● Task objective:
The lines to repeat are those below from the one containing "by (simp only: matrix_vector_mul_assoc)" down to the one containing "v* boundary src tgt)", both included; reproduce them exactly and nothing else.

[Saved entries]

(* In $D_n$: (1) $w_L\cdot s_1=s_{1'}\cdot w_L$ for $2\le L\le n-1$; (2) $w_L\cdot s_{1'}=s_1\cdot w_L$ for $2\le L\le n-1$; (3) $w_L\cdot s_k=s_k\cdot w_L$ whenever $2\le k\le L-1$ and $L\le n-1$.
   Context: $D_n$ ($n\ge2$) is the Coxeter group with generators $s_{1'},s_1,\dots,s_{n-1}$ and relations $s^2=1$, $(s_i s_{i+1})^3=1$, $(s_is_j)^2=1$ for $|i-j|\ge 2$, $(s_{1'}s_2)^3=1$, $(s_{1'}s_i)^2=1$ for $i\ne 2$. $w_L=s_L s_{L-1}\cdots s_2 s_1 s_{1'} s_2\cdots s_L$ for $1\le L\le n-1$. *)

theory Defs
  imports Main
begin

text \<open>Generators of the Coxeter group D_n: S' is s_{1'}, S i is s_i (1 <= i <= n-1).
  Elements of D_n are represented by words (lists of generators); two words represent the
  same element iff they are related by the congruence generated by the Coxeter relators.
  Since all generators are involutions, the monoid presentation below presents the group.\<close>

datatype gen = S' | S nat

type_synonym word = "gen list"

definition valid_gen :: "nat \<Rightarrow> gen \<Rightarrow> bool" where
  "valid_gen n g = (case g of S' \<Rightarrow> True | S i \<Rightarrow> 1 \<le> i \<and> i \<le> n - 1)"

fun cox_m :: "gen \<Rightarrow> gen \<Rightarrow> nat" where
  "cox_m S' S' = 1"
| "cox_m S' (S i) = (if i = 2 then 3 else 2)"
| "cox_m (S i) S' = (if i = 2 then 3 else 2)"
| "cox_m (S i) (S j) = (if i = j then 1 else if i = j + 1 \<or> j = i + 1 then 3 else 2)"

definition relator :: "nat \<Rightarrow> word \<Rightarrow> bool" where
  "relator n r \<longleftrightarrow> (\<exists>s t. valid_gen n s \<and> valid_gen n t \<and>
      r = concat (replicate (cox_m s t) [s, t]))"

inductive D_eq :: "nat \<Rightarrow> word \<Rightarrow> word \<Rightarrow> bool" for n where
  D_refl: "D_eq n u u"
| D_sym: "D_eq n u v \<Longrightarrow> D_eq n v u"
| D_trans: "D_eq n u v \<Longrightarrow> D_eq n v w \<Longrightarrow> D_eq n u w"
| D_rel: "relator n r \<Longrightarrow> D_eq n (u @ r @ v) (u @ v)"

definition wL :: "nat \<Rightarrow> word" where
  "wL L = map S (rev [2..<L+1]) @ [S 1, S'] @ map S [2..<L+1]"

end

theory Submission
  imports Defs
begin

(* Since w_(L+1) = s_(L+1) w_L s_(L+1), an intertwining relation w_L a = b w_L propagates
   from L to L + 1 as soon as s_(L+1) commutes with a and b. Starting from w_2 = s_2 s_1 s_1' s_2,
   where the relations are checked by hand from the braid relations, this gives (1) and (2);
   for (3) the induction starts at L = k + 1, where w_(k+1) s_k = s_k w_(k+1) follows from the
   braid relation between s_k and s_(k+1), because w_(k-1) commutes with s_(k+1). *)

lemma D_eq_trans_calc [trans]: "D_eq n u v \<Longrightarrow> D_eq n v w \<Longrightarrow> D_eq n u w"
  by (rule D_trans)

lemma D_eq_append_cong: "D_eq n u v \<Longrightarrow> D_eq n (a @ u @ b) (a @ v @ b)"
proof (induction rule: D_eq.induct)
  case (D_refl u)
  then show ?case by (rule D_eq.D_refl)
next
  case (D_sym u v)
  from D_sym.IH show ?case by (rule D_eq.D_sym)
next
  case (D_trans u v w)
  from D_trans.IH show ?case by (rule D_eq.D_trans)
next
  case (D_rel r u v)
  then have "D_eq n ((a @ u) @ r @ (v @ b)) ((a @ u) @ (v @ b))" by (rule D_eq.D_rel)
  then show ?case by simp
qed

lemma cox_m_commute: "cox_m s t = cox_m t s"
  by (cases s; cases t) auto

lemma D_eq_relator_cox:
  assumes "valid_gen n s" "valid_gen n t"
  shows "D_eq n (u @ concat (replicate (cox_m s t) [s, t]) @ v) (u @ v)"
  using assms by (intro D_rel) (auto simp: relator_def)

lemma D_eq_insert_square:
  assumes "valid_gen n s"
  shows "D_eq n (u @ v) (u @ [s, s] @ v)"
proof -
  have "cox_m s s = 1" by (cases s) auto
  then have "D_eq n (u @ [s, s] @ v) (u @ v)" using D_eq_relator_cox[OF assms assms, of u v] by simp
  then show ?thesis by (rule D_sym)
qed

lemma D_eq_commute:
  assumes "valid_gen n s" "valid_gen n t" "cox_m s t = 2"
  shows "D_eq n [s, t] [t, s]"
proof -
  have rel: "D_eq n ([t] @ [t, s, t, s] @ [s]) ([t] @ [s])"
    using D_eq_relator_cox[OF assms(2,1), of "[t]" "[s]"] assms(3)
    by (simp add: cox_m_commute numeral_2_eq_2)
  have "D_eq n [s, t] [s, t, s, s]"
    using D_eq_insert_square[OF assms(1), of "[s, t]" "[]"] by simp
  also have "D_eq n \<dots> [t, t, s, t, s, s]"
    using D_eq_insert_square[OF assms(2), of "[]" "[s, t, s, s]"] by simp
  also have "D_eq n \<dots> [t, s]" using rel by simp
  finally show ?thesis .
qed

lemma D_eq_braid:
  assumes "valid_gen n s" "valid_gen n t" "cox_m s t = 3"
  shows "D_eq n [s, t, s] [t, s, t]"
proof -
  have rel: "D_eq n ([] @ [s, t, s, t, s, t] @ [t, s, t]) ([] @ [t, s, t])"
    using D_eq_relator_cox[OF assms(1,2), of "[]" "[t, s, t]"] assms(3)
    by (simp add: numeral_3_eq_3)
  have "D_eq n [s, t, s] [s, t, s, t, t]"
    using D_eq_insert_square[OF assms(2), of "[s, t, s]" "[]"] by simp
  also have "D_eq n \<dots> [s, t, s, t, s, s, t]"
    using D_eq_insert_square[OF assms(1), of "[s, t, s, t]" "[t]"] by simp
  also have "D_eq n \<dots> [s, t, s, t, s, t, t, s, t]"
    using D_eq_insert_square[OF assms(2), of "[s, t, s, t, s]" "[s, t]"] by simp
  also have "D_eq n \<dots> [t, s, t]" using rel by simp
  finally show ?thesis .
qed

lemma D_eq_commute_word:
  assumes "\<forall>x \<in> set X. D_eq n ([x] @ u) (u @ [x])"
  shows "D_eq n (X @ u) (u @ X)"
  using assms
proof (induction X)
  case Nil
  then show ?case by (simp add: D_refl)
next
  case (Cons x X)
  have "D_eq n ([x] @ (X @ u) @ []) ([x] @ (u @ X) @ [])"
    using Cons by (intro D_eq_append_cong) simp
  also have "D_eq n \<dots> ([] @ ([x] @ u) @ X)" by (simp add: D_refl)
  also have "D_eq n \<dots> ([] @ (u @ [x]) @ X)" using Cons.prems by (intro D_eq_append_cong) simp
  finally show ?case by simp
qed

lemma D_eq_conjugate_intertwine:
  assumes "D_eq n (w @ u) (v @ w)" "D_eq n (x @ u) (u @ x)" "D_eq n (v @ x) (x @ v)"
  shows "D_eq n ((x @ w @ x) @ u) (v @ x @ w @ x)"
proof -
  have "D_eq n ((x @ w) @ (x @ u) @ []) ((x @ w) @ (u @ x) @ [])"
    using assms(2) by (rule D_eq_append_cong)
  also have "D_eq n \<dots> (x @ (w @ u) @ x)" by (simp add: D_refl)
  also have "D_eq n \<dots> (x @ (v @ w) @ x)" using assms(1) by (rule D_eq_append_cong)
  also have "D_eq n \<dots> ([] @ (x @ v) @ (w @ x))" by (simp add: D_refl)
  also have "D_eq n \<dots> ([] @ (v @ x) @ (w @ x))" using D_sym[OF assms(3)] by (rule D_eq_append_cong)
  finally show ?thesis by simp
qed

lemma D_eq_braid_conjugate_commute:
  assumes "valid_gen n s" "valid_gen n t" "cox_m s t = 3" "D_eq n (X @ [t]) ([t] @ X)"
  shows "D_eq n ([t, s] @ X @ [s, t] @ [s]) ([s] @ [t, s] @ X @ [s, t])"
proof -
  have braid_ts: "D_eq n [t, s, t] [s, t, s]"
    using assms(3) by (intro D_eq_braid assms(1,2)) (simp add: cox_m_commute)
  have "D_eq n (([t, s] @ X) @ [s, t, s] @ []) (([t, s] @ X) @ [t, s, t] @ [])"
    using D_eq_braid[OF assms(1-3)] by (rule D_eq_append_cong)
  also have "D_eq n \<dots> ([t, s] @ (X @ [t]) @ [s, t])" by (simp add: D_refl)
  also have "D_eq n \<dots> ([t, s] @ ([t] @ X) @ [s, t])" using assms(4) by (rule D_eq_append_cong)
  also have "D_eq n \<dots> ([] @ [t, s, t] @ (X @ [s, t]))" by (simp add: D_refl)
  also have "D_eq n \<dots> ([] @ [s, t, s] @ (X @ [s, t]))" using braid_ts by (rule D_eq_append_cong)
  finally show ?thesis by simp
qed

lemma D_eq_intertwine_commuting_pair:
  assumes "valid_gen n a" "valid_gen n b" "valid_gen n c"
    and "cox_m a b = 2" "cox_m a c = 3" "cox_m b c = 3"
  shows "D_eq n ([c, a, b, c] @ [a]) ([b] @ [c, a, b, c])"
proof -
  have "cox_m b a = 2" "cox_m c b = 3"
    using assms(4,6) by (simp_all add: cox_m_commute)
  have "D_eq n ([c] @ [a, b] @ [c, a]) ([c] @ [b, a] @ [c, a])"
    using D_eq_commute[OF assms(1,2,4)] by (rule D_eq_append_cong)
  also have "D_eq n \<dots> ([c, b] @ [a, c, a] @ [])" by (simp add: D_refl)
  also have "D_eq n \<dots> ([c, b] @ [c, a, c] @ [])"
    using D_eq_braid[OF assms(1,3,5)] by (rule D_eq_append_cong)
  also have "D_eq n \<dots> ([] @ [c, b, c] @ [a, c])" by (simp add: D_refl)
  also have "D_eq n \<dots> ([] @ [b, c, b] @ [a, c])"
    using D_eq_braid[OF assms(3,2) \<open>cox_m c b = 3\<close>] by (rule D_eq_append_cong)
  also have "D_eq n \<dots> ([b, c] @ [b, a] @ [c])" by (simp add: D_refl)
  also have "D_eq n \<dots> ([b, c] @ [a, b] @ [c])"
    using D_eq_commute[OF assms(2,1) \<open>cox_m b a = 2\<close>] by (rule D_eq_append_cong)
  finally show ?thesis by simp
qed

lemma set_wL: "set (wL L) = {S 1, S'} \<union> S ` {2..L}"
  by (auto simp: wL_def)

lemma wL_Suc: "1 \<le> L \<Longrightarrow> wL (Suc L) = [S (Suc L)] @ wL L @ [S (Suc L)]"
  by (simp add: wL_def)

lemma letter_of_wL_commutes:
  assumes "x \<in> set (wL m)" "1 \<le> m" "m + 2 \<le> j" "j \<le> n - 1"
  shows "D_eq n [S j, x] [x, S j]"
proof (rule D_eq_commute)
  show "valid_gen n (S j)" "valid_gen n x" "cox_m (S j) x = 2"
    using assms by (auto simp: set_wL valid_gen_def)
qed

lemma wL_intertwine_propagate:
  assumes "D_eq n (wL i @ [a]) ([b] @ wL i)" "a \<in> set (wL (i - 1))" "b \<in> set (wL (i - 1))"
    and "2 \<le> i" "i \<le> L" "L \<le> n - 1"
  shows "D_eq n (wL L @ [a]) ([b] @ wL L)"
  using assms(5,6)
proof (induction L rule: dec_induct)
  case base
  show ?case by (rule assms(1))
next
  case (step L)
  have "D_eq n (([S (Suc L)] @ wL L @ [S (Suc L)]) @ [a]) ([b] @ [S (Suc L)] @ wL L @ [S (Suc L)])"
  proof (rule D_eq_conjugate_intertwine)
    show "D_eq n (wL L @ [a]) ([b] @ wL L)" using step by simp
    show "D_eq n ([S (Suc L)] @ [a]) ([a] @ [S (Suc L)])"
      using letter_of_wL_commutes[OF assms(2)] step assms(4) by simp
    show "D_eq n ([b] @ [S (Suc L)]) ([S (Suc L)] @ [b])"
      using D_sym[OF letter_of_wL_commutes[OF assms(3)]] step assms(4) by simp
  qed
  then show ?case using wL_Suc step assms(4) by simp
qed

lemma wL_2_intertwines:
  assumes "3 \<le> n"
  shows "D_eq n (wL 2 @ [S 1]) ([S'] @ wL 2)" "D_eq n (wL 2 @ [S']) ([S 1] @ wL 2)"
proof -
  have wL_2: "wL 2 = [S 2, S 1, S', S 2]" by (simp add: wL_def)
  have valid: "valid_gen n (S 1)" "valid_gen n S'" "valid_gen n (S 2)"
    using assms by (auto simp: valid_gen_def)
  show "D_eq n (wL 2 @ [S 1]) ([S'] @ wL 2)"
    using D_eq_intertwine_commuting_pair[OF valid] wL_2 by simp
  have "D_eq n ([S 2] @ [S 1, S'] @ [S 2, S']) ([S 2] @ [S', S 1] @ [S 2, S'])"
    using D_eq_commute[OF valid(1,2)] by (rule D_eq_append_cong) simp
  also have "D_eq n \<dots> ([S 1] @ [S 2, S', S 1, S 2])"
    using D_eq_intertwine_commuting_pair[OF valid(2,1,3)] by simp
  also have "D_eq n \<dots> ([S 1, S 2] @ [S', S 1] @ [S 2])" by (simp add: D_refl)
  also have "D_eq n \<dots> ([S 1, S 2] @ [S 1, S'] @ [S 2])"
    using D_eq_commute[OF valid(2,1)] by (rule D_eq_append_cong) simp
  finally show "D_eq n (wL 2 @ [S']) ([S 1] @ wL 2)" using wL_2 by simp
qed

lemma wL_Suc_commutes_S:
  assumes "2 \<le> k" "k + 1 \<le> n - 1"
  shows "D_eq n (wL (Suc k) @ [S k]) ([S k] @ wL (Suc k))"
proof -
  have wL_Suc_k: "wL (Suc k) = [S (Suc k), S k] @ wL (k - 1) @ [S k, S (Suc k)]"
    using assms(1) wL_Suc[of k] wL_Suc[of "k - 1"] by (simp add: Suc_diff_le)
  have "D_eq n (wL (k - 1) @ [S (Suc k)]) ([S (Suc k)] @ wL (k - 1))"
    using assms D_sym[OF letter_of_wL_commutes[of _ "k - 1" "Suc k" n]]
    by (intro D_eq_commute_word) simp
  moreover have "valid_gen n (S k)" "valid_gen n (S (Suc k))"
    using assms by (auto simp: valid_gen_def)
  ultimately show ?thesis
    using D_eq_braid_conjugate_commute[of n "S k" "S (Suc k)"] wL_Suc_k by simp
qed

theorem mainTheorem12:
  fixes n :: nat
  assumes "n \<ge> 2"
  shows "(\<forall>L. 2 \<le> L \<and> L \<le> n - 1 \<longrightarrow> D_eq n (wL L @ [S 1]) ([S'] @ wL L))
       \<and> (\<forall>L. 2 \<le> L \<and> L \<le> n - 1 \<longrightarrow> D_eq n (wL L @ [S']) ([S 1] @ wL L))
       \<and> (\<forall>L k. 2 \<le> k \<and> k \<le> L - 1 \<and> L \<le> n - 1 \<longrightarrow> D_eq n (wL L @ [S k]) ([S k] @ wL L))"
proof (intro conjI allI impI; elim conjE)
  have letters: "S 1 \<in> set (wL 1)" "S' \<in> set (wL 1)" by (simp_all add: wL_def)
  fix L assume "2 \<le> L" "L \<le> n - 1"
  then show "D_eq n (wL L @ [S 1]) ([S'] @ wL L)" "D_eq n (wL L @ [S']) ([S 1] @ wL L)"
    using wL_intertwine_propagate[OF wL_2_intertwines(1)] wL_intertwine_propagate[OF wL_2_intertwines(2)]
      letters by simp_all
next
  fix L k assume k: "2 \<le> k" "k \<le> L - 1" "L \<le> n - 1"
  have base: "D_eq n (wL (Suc k) @ [S k]) ([S k] @ wL (Suc k))"
    using k by (intro wL_Suc_commutes_S) auto
  have letter: "S k \<in> set (wL (Suc k - 1))" using k by (simp add: set_wL)
  show "D_eq n (wL L @ [S k]) ([S k] @ wL L)"
    by (rule wL_intertwine_propagate[OF base letter letter]) (use k in auto)
qed

end
(* Let $G=(V,E,w)$ be a connected weighted graph with $n$ vertices and let $e\in E$. Then $$ n\cdot w_e\cdot B_e^{2}=\sum_{\{s,t\}\subseteq V}\frac{f_{st}(e)^{2}}{w_e}, $$ where the sum is over unordered pairs of distinct vertices.
   Context: $G=(V,E,w)$ is an undirected graph with positive edge weights $w_e$. Each edge is given an arbitrary fixed orientation $(s,t)$; the boundary matrix $\partial\in\mathbb{R}^{|V|\times|E|}$ has column $\partial 1_e=1_s-1_t$ for $e=(s,t)$, where $1_x$ is the indicator vector of $x$. $W$ is the diagonal matrix of edge weights and $L=\partial W\partial^{T}$ is the graph Laplacian; $L^{+}$ is its Moore–Penrose pseudoinverse and $L^{2+}=(L^{+})^2$. The $st$-electrical flow is $f_{st}=W\partial^{T}L^{+}(1_s-1_t)\in\mathbb{R}^{E}$. The biharmonic distance is $B_{st}=\sqrt{(1_s-1_t)^{T}L^{2+}(1_s-1_t)}$ and $B_e:=B_{st}$ for $e=\{s,t\}$. *)

theory Defs
  imports "HOL-Analysis.Analysis"
begin

text \<open>Graphs: vertices are the elements of a finite type 'v, edges the elements of a
finite type 'e; each edge e carries a fixed orientation (src e, tgt e).\<close>

definition indic :: "'v::finite \<Rightarrow> real^'v" where
  "indic x = (\<chi> i. if i = x then 1 else 0)"

definition boundary :: "('e::finite \<Rightarrow> 'v::finite) \<Rightarrow> ('e \<Rightarrow> 'v) \<Rightarrow> real^'e^'v" where
  "boundary src tgt = (\<chi> v e. (if v = src e then 1 else 0) - (if v = tgt e then 1 else 0))"

definition diagm :: "('e::finite \<Rightarrow> real) \<Rightarrow> real^'e^'e" where
  "diagm w = (\<chi> i j. if i = j then w i else 0)"

definition laplacian :: "('e::finite \<Rightarrow> 'v::finite) \<Rightarrow> ('e \<Rightarrow> 'v) \<Rightarrow> ('e \<Rightarrow> real) \<Rightarrow> real^'v^'v" where
  "laplacian src tgt w = boundary src tgt ** diagm w ** transpose (boundary src tgt)"

definition pinv :: "real^'n::finite^'n \<Rightarrow> real^'n^'n" where
  "pinv A = (THE X. A ** X ** A = A \<and> X ** A ** X = X \<and>
                    transpose (A ** X) = A ** X \<and> transpose (X ** A) = X ** A)"

definition elec_flow :: "('e::finite \<Rightarrow> 'v::finite) \<Rightarrow> ('e \<Rightarrow> 'v) \<Rightarrow> ('e \<Rightarrow> real) \<Rightarrow> 'v \<Rightarrow> 'v \<Rightarrow> real^'e" where
  "elec_flow src tgt w s t =
     (diagm w ** transpose (boundary src tgt) ** pinv (laplacian src tgt w)) *v (indic s - indic t)"

definition biharmonic :: "('e::finite \<Rightarrow> 'v::finite) \<Rightarrow> ('e \<Rightarrow> 'v) \<Rightarrow> ('e \<Rightarrow> real) \<Rightarrow> 'v \<Rightarrow> 'v \<Rightarrow> real" where
  "biharmonic src tgt w s t =
     sqrt ((indic s - indic t) \<bullet>
       ((pinv (laplacian src tgt w) ** pinv (laplacian src tgt w)) *v (indic s - indic t)))"

definition graph_connected :: "('e \<Rightarrow> 'v) \<Rightarrow> ('e \<Rightarrow> 'v) \<Rightarrow> bool" where
  "graph_connected src tgt \<longleftrightarrow>
     (\<forall>u v. (u, v) \<in> ({(src e, tgt e) | e. True} \<union> {(tgt e, src e) | e. True})\<^sup>*)"

end

theory Submission
  imports Defs
begin

(* For a connected graph, L + J is invertible, where J is the orthogonal projection onto the
   constant vectors, and the pseudoinverse of L is (L + J)^-1 - J; so L^+ is symmetric and
   kills the constants. Let p = L^+ (1_s - 1_t) be the potential of the unit current along
   e = (s, t). Symmetry of L^+ gives f_uv(e) = w_e (p_u - p_v); moreover B_e^2 = |p|^2 and
   the entries of p sum to 0, so sum_{u<v} (p_u - p_v)^2 = n |p|^2 - (sum_u p_u)^2 = n B_e^2. *)

lemma matrix_add_rdistrib: "((A::'a::semiring_1^'n^'m) + B) ** C = A ** C + B ** C"
  by (vector matrix_matrix_mult_def sum.distrib[symmetric] field_simps)

lemma matrix_diff_ldistrib: "(A::'a::ring_1^'n^'m) ** (B - C) = A ** B - A ** C"
  by (vector matrix_matrix_mult_def sum_subtractf[symmetric] field_simps)

lemma matrix_diff_rdistrib: "((A::'a::ring_1^'n^'m) - B) ** C = A ** C - B ** C"
  by (vector matrix_matrix_mult_def sum_subtractf[symmetric] field_simps)

lemma transpose_diff: "transpose (A - B) = transpose A - transpose B"
  by (vector transpose_def)

lemma inner_symmetric_matrix:
  assumes "transpose A = A"
  shows "x \<bullet> (A *v y) = (A *v x) \<bullet> (y :: real^'n)"
proof -
  have "A *v x = x v* A"
    by (metis assms transpose_matrix_vector)
  then show ?thesis
    by (simp add: dot_lmul_matrix)
qed

definition penrose_inverse :: "real^'n::finite^'n \<Rightarrow> real^'n^'n \<Rightarrow> bool" where
  "penrose_inverse A X \<longleftrightarrow>
     A ** X ** A = A \<and> X ** A ** X = X \<and>
     transpose (A ** X) = A ** X \<and> transpose (X ** A) = X ** A"

lemma penrose_inverse_transpose:
  assumes "penrose_inverse A X"
  shows "penrose_inverse (transpose A) (transpose X)"
proof -
  have "transpose A ** transpose X ** transpose A = transpose (A ** X ** A)"
    and "transpose X ** transpose A ** transpose X = transpose (X ** A ** X)"
    and "transpose (transpose A ** transpose X) = transpose (transpose (X ** A))"
    and "transpose (transpose X ** transpose A) = transpose (transpose (A ** X))"
    by (simp_all add: matrix_transpose_mul matrix_mul_assoc)
  with assms show ?thesis
    unfolding penrose_inverse_def by (simp add: matrix_transpose_mul)
qed

lemma penrose_inverse_eq_mult:
  assumes X: "penrose_inverse A X" and Y: "penrose_inverse A Y"
  shows "X = X ** A ** Y"
proof -
  have X2: "X ** A ** X = X" and X3: "transpose (A ** X) = A ** X"
    using X unfolding penrose_inverse_def by auto
  have Y1: "A ** Y ** A = A" and Y3: "transpose (A ** Y) = A ** Y"
    using Y unfolding penrose_inverse_def by auto
  have "X = X ** transpose (A ** X)"
    using X2 X3 by (simp add: matrix_mul_assoc)
  also have "\<dots> = X ** transpose X ** transpose (A ** Y ** A)"
    by (simp add: Y1 matrix_transpose_mul matrix_mul_assoc)
  also have "\<dots> = X ** transpose (A ** X) ** transpose (A ** Y)"
    by (simp add: matrix_transpose_mul matrix_mul_assoc)
  also have "\<dots> = X ** A ** Y"
    using X2 X3 Y3 by (simp add: matrix_mul_assoc)
  finally show ?thesis .
qed

lemma penrose_inverse_unique:
  assumes X: "penrose_inverse A X" and Y: "penrose_inverse A Y"
  shows "X = Y"
proof -
  have "transpose Y = transpose Y ** transpose A ** transpose X"
    using penrose_inverse_eq_mult[OF penrose_inverse_transpose[OF Y] penrose_inverse_transpose[OF X]] .
  then have "transpose (transpose Y) = transpose (transpose Y ** transpose A ** transpose X)"
    by (rule arg_cong)
  then have "Y = X ** A ** Y"
    by (simp add: matrix_transpose_mul matrix_mul_assoc)
  with penrose_inverse_eq_mult[OF X Y] show ?thesis
    by metis
qed

lemma pinv_eqI:
  assumes "penrose_inverse A X"
  shows "pinv A = X"
proof -
  have "(THE X. penrose_inverse A X) = X"
    using assms by (rule the_equality) (metis assms penrose_inverse_unique)
  then show ?thesis
    unfolding pinv_def penrose_inverse_def .
qed

lemma penrose_inverse_symmetric:
  assumes X: "penrose_inverse A X" and "transpose A = A"
  shows "transpose X = X"
proof -
  have "penrose_inverse A (transpose X)"
    using penrose_inverse_transpose[OF X] \<open>transpose A = A\<close> by simp
  from penrose_inverse_unique[OF X this] show ?thesis
    by (rule sym)
qed

lemma penrose_inverse_kernel:
  assumes X: "penrose_inverse A X" and "transpose A *v x = 0"
  shows "X *v x = 0"
proof -
  have "X ** transpose (A ** X) = X"
    using X unfolding penrose_inverse_def by (simp add: matrix_mul_assoc)
  then have "X ** transpose X ** transpose A = X"
    by (simp add: matrix_transpose_mul matrix_mul_assoc)
  then have "X *v x = (X ** transpose X ** transpose A) *v x"
    by simp
  also have "\<dots> = (X ** transpose X) *v (transpose A *v x)"
    by (simp only: matrix_vector_mul_assoc)
  finally show ?thesis
    using \<open>transpose A *v x = 0\<close> by simp
qed

lemma penrose_inverse_inverse_plus_projection:
  fixes A P M :: "real^'n::finite^'n"
  assumes P_sym: "transpose P = P" and P_idem: "P ** P = P"
    and AP: "A ** P = 0" and PA: "P ** A = 0"
    and M: "M ** (A + P) = mat 1"
  shows "penrose_inverse A (M - P)"
proof -
  have M': "(A + P) ** M = mat 1"
    using M matrix_left_right_inverse by blast
  have "M ** P = M ** ((A + P) ** P)"
    by (simp add: matrix_add_rdistrib AP P_idem)
  then have MP: "M ** P = P"
    by (simp add: matrix_mul_assoc M)
  have "P ** M = (P ** (A + P)) ** M"
    by (simp add: matrix_add_ldistrib PA P_idem)
  then have PM: "P ** M = P"
    by (simp add: matrix_mul_assoc[symmetric] M')
  have AX: "A ** (M - P) = mat 1 - P"
  proof -
    have "A ** (M - P) = (A + P) ** M - P ** M - A ** P"
      by (simp add: matrix_diff_ldistrib matrix_add_rdistrib)
    then show ?thesis
      by (simp add: M' PM AP)
  qed
  have XA: "(M - P) ** A = mat 1 - P"
  proof -
    have "(M - P) ** A = M ** (A + P) - M ** P - P ** A"
      by (simp add: matrix_diff_rdistrib matrix_add_ldistrib)
    then show ?thesis
      by (simp add: M MP PA)
  qed
  have "A ** (M - P) ** A = A"
    using AX by (simp add: matrix_diff_rdistrib PA)
  moreover have "(M - P) ** A ** (M - P) = M - P"
    using XA by (simp add: matrix_diff_rdistrib matrix_diff_ldistrib PM P_idem)
  ultimately show ?thesis
    unfolding penrose_inverse_def by (simp add: AX XA transpose_diff P_sym)
qed

lemma vector_mult_boundary: "(x v* boundary src tgt) $ a = x $ src a - x $ tgt a"
  by (simp add: vector_matrix_mult_def boundary_def right_diff_distrib sum_subtractf
      if_distrib[of "(*) _"] sum.delta cong: if_cong)

lemma diagm_mult: "(diagm w *v x) $ a = w a * x $ a"
  by (simp add: matrix_vector_mult_def diagm_def if_distrib[of "\<lambda>c. c * _"] sum.delta
      cong: if_cong)

lemma transpose_diagm: "transpose (diagm w) = diagm w"
  by (vector transpose_def diagm_def)

lemma laplacian_symmetric: "transpose (laplacian src tgt w) = laplacian src tgt w"
  by (simp add: laplacian_def matrix_transpose_mul transpose_diagm matrix_mul_assoc)

lemma laplacian_quadratic_form:
  "x \<bullet> (laplacian src tgt w *v x) = (\<Sum>a\<in>UNIV. w a * (x $ src a - x $ tgt a)\<^sup>2)"
proof -
  let ?d = "x v* boundary src tgt"
  have "x \<bullet> (laplacian src tgt w *v x) = ?d \<bullet> (diagm w *v ?d)"
    by (simp add: laplacian_def dot_lmul_matrix matrix_vector_mul_assoc[symmetric])
  then show ?thesis
    by (simp add: inner_vec_def diagm_mult vector_mult_boundary power2_eq_square mult_ac)
qed

lemma laplacian_mult_one: "laplacian src tgt w *v 1 = 0"
proof -
  have "1 v* boundary src tgt = 0"
    by (simp add: vec_eq_iff vector_mult_boundary)
  then show ?thesis
    by (simp add: laplacian_def matrix_vector_mul_assoc[symmetric])
qed

definition mean_proj :: "real^'n::finite^'n" where
  "mean_proj = (\<chi> i j. 1 / real CARD('n))"

lemma mean_proj_symmetric: "transpose mean_proj = mean_proj"
  by (vector transpose_def mean_proj_def)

● Solution for this problem:
    by (simp only: matrix_vector_mul_assoc)
  finally show ?thesis
    using \<open>transpose A *v x = 0\<close> by simp
qed

lemma penrose_inverse_inverse_plus_projection:
  fixes A P M :: "real^'n::finite^'n"
  assumes P_sym: "transpose P = P" and P_idem: "P ** P = P"
    and AP: "A ** P = 0" and PA: "P ** A = 0"
    and M: "M ** (A + P) = mat 1"
  shows "penrose_inverse A (M - P)"
proof -
  have M': "(A + P) ** M = mat 1"
    using M matrix_left_right_inverse by blast
  have "M ** P = M ** ((A + P) ** P)"
    by (simp add: matrix_add_rdistrib AP P_idem)
  then have MP: "M ** P = P"
    by (simp add: matrix_mul_assoc M)
  have "P ** M = (P ** (A + P)) ** M"
    by (simp add: matrix_add_ldistrib PA P_idem)
  then have PM: "P ** M = P"
    by (simp add: matrix_mul_assoc[symmetric] M')
  have AX: "A ** (M - P) = mat 1 - P"
  proof -
    have "A ** (M - P) = (A + P) ** M - P ** M - A ** P"
      by (simp add: matrix_diff_ldistrib matrix_add_rdistrib)
    then show ?thesis
      by (simp add: M' PM AP)
  qed
  have XA: "(M - P) ** A = mat 1 - P"
  proof -
    have "(M - P) ** A = M ** (A + P) - M ** P - P ** A"
      by (simp add: matrix_diff_rdistrib matrix_add_ldistrib)
    then show ?thesis
      by (simp add: M MP PA)
  qed
  have "A ** (M - P) ** A = A"
    using AX by (simp add: matrix_diff_rdistrib PA)
  moreover have "(M - P) ** A ** (M - P) = M - P"
    using XA by (simp add: matrix_diff_rdistrib matrix_diff_ldistrib PM P_idem)
  ultimately show ?thesis
    unfolding penrose_inverse_def by (simp add: AX XA transpose_diff P_sym)
qed

lemma vector_mult_boundary: "(x v* boundary src tgt) $ a = x $ src a - x $ tgt a"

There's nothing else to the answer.